▸ Extracted data:
lemma combine_eq_merge_on: "combine PM PW M1 M2 = merge_on T M1 M2"
proof -
  have "(u, w) \<in> combine PM PW M1 M2 \<longleftrightarrow> (u, w) \<in> merge_on T M1 M2" for u w
  proof -
    let ?C = "component D (u, w)"
    have C: "(u, w) \<in> D \<Longrightarrow> u \<in> fst ` ?C"
      using component_self by force
    consider "(u, w) \<in> M1 \<inter> M2" | "(u, w) \<in> M2 - M1" | "(u, w) \<in> M1 - M2"
      | "(u, w) \<notin> M1 \<union> M2"
      by blast
    then show ?thesis
    proof cases
      case 1
      then show ?thesis
        using M1_preferring_partners_differ
        unfolding combine_def Let_def merge_on_iff by blast
    next
      case 2
      then have "(u, w) \<in> D"
        unfolding diff_edges_def by blast
      have "\<not> typeI PM PW M1 M2 ?C" if "u \<in> T"
      proof
        assume "typeI PM PW M1 M2 ?C"
        moreover obtain a where "(u, a) \<in> M1"
          using \<open>u \<in> T\<close> unfolding M1_preferring_def by blast
        ultimately have "(w, a) \<in> PM u"
          using 2 C[OF \<open>(u, w) \<in> D\<close>] unfolding typeI_def by blast
        then show False
          using M1_preferring_prefers[OF \<open>u \<in> T\<close> \<open>(u, a) \<in> M1\<close>] 2 PM_asym M2_in by blast
      qed
      then show ?thesis
        using 2 component_typeI[of "(u, w)"] component_cycle[of "(u, w)"]
        unfolding combine_def Let_def merge_on_iff by auto
    next
      case 3
      then have "(u, w) \<in> D"
        unfolding diff_edges_def by blast
      have "u \<in> T" if "typeII PM PW M1 M2 ?C"
      proof -
        obtain b where "(u, b) \<in> M2"
          using M2_man_matched M1_in 3 by blast
        then show ?thesis
          using that 3 C[OF \<open>(u, w) \<in> D\<close>] M1_in
          unfolding typeII_def M1_preferring_def by blast
      qed
      then show ?thesis
        using 3 component_typeII[of "(u, w)"] component_cycle[of "(u, w)"]
        unfolding combine_def Let_def merge_on_iff by auto
    next
      case 4
      then show ?thesis
        unfolding combine_def Let_def merge_on_iff by blast
    qed
  qed
  then show ?thesis
    by auto
qed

▸ Brief: What is needed is a word-for-word restatement of all the data.

▸ Response for this exercise:
lemma combine_eq_merge_on: "combine PM PW M1 M2 = merge_on T M1 M2"
proof -
  have "(u, w) \<in> combine PM PW M1 M2 \<longleftrightarrow> (u, w) \<in> merge_on T M1 M2" for u w
  proof -
    let ?C = "component D (u, w)"
    have C: "(u, w) \<in> D \<Longrightarrow> u \<in> fst ` ?C"
      using component_self by force
    consider "(u, w) \<in> M1 \<inter> M2" | "(u, w) \<in> M2 - M1" | "(u, w) \<in> M1 - M2"
      | "(u, w) \<notin> M1 \<union> M2"
      by blast
    then show ?thesis
    proof cases
      case 1
      then show ?thesis
        using M1_preferring_partners_differ
        unfolding combine_def Let_def merge_on_iff by blast
    next
      case 2
      then have "(u, w) \<in> D"
        unfolding diff_edges_def by blast
      have "\<not> typeI PM PW M1 M2 ?C" if "u \<in> T"
      proof
        assume "typeI PM PW M1 M2 ?C"
        moreover obtain a where "(u, a) \<in> M1"
          using \<open>u \<in> T\<close> unfolding M1_preferring_def by blast
        ultimately have "(w, a) \<in> PM u"
          using 2 C[OF \<open>(u, w) \<in> D\<close>] unfolding typeI_def by blast
        then show False
          using M1_preferring_prefers[OF \<open>u \<in> T\<close> \<open>(u, a) \<in> M1\<close>] 2 PM_asym M2_in by blast
      qed
      then show ?thesis
        using 2 component_typeI[of "(u, w)"] component_cycle[of "(u, w)"]
        unfolding combine_def Let_def merge_on_iff by auto
    next
      case 3
      then have "(u, w) \<in> D"
        unfolding diff_edges_def by blast
      have "u \<in> T" if "typeII PM PW M1 M2 ?C"
      proof -
        obtain b where "(u, b) \<in> M2"
          using M2_man_matched M1_in 3 by blast
        then show ?thesis
          using that 3 C[OF \<open>(u, w) \<in> D\<close>] M1_in
          unfolding typeII_def M1_preferring_def by blast
      qed
      then show ?thesis
        using 3 component_typeII[of "(u, w)"] component_cycle[of "(u, w)"]
        unfolding combine_def Let_def merge_on_iff by auto
    next
      case 4
      then show ?thesis
        unfolding combine_def Let_def merge_on_iff by blast
    qed
  qed
  then show ?thesis
    by auto
qed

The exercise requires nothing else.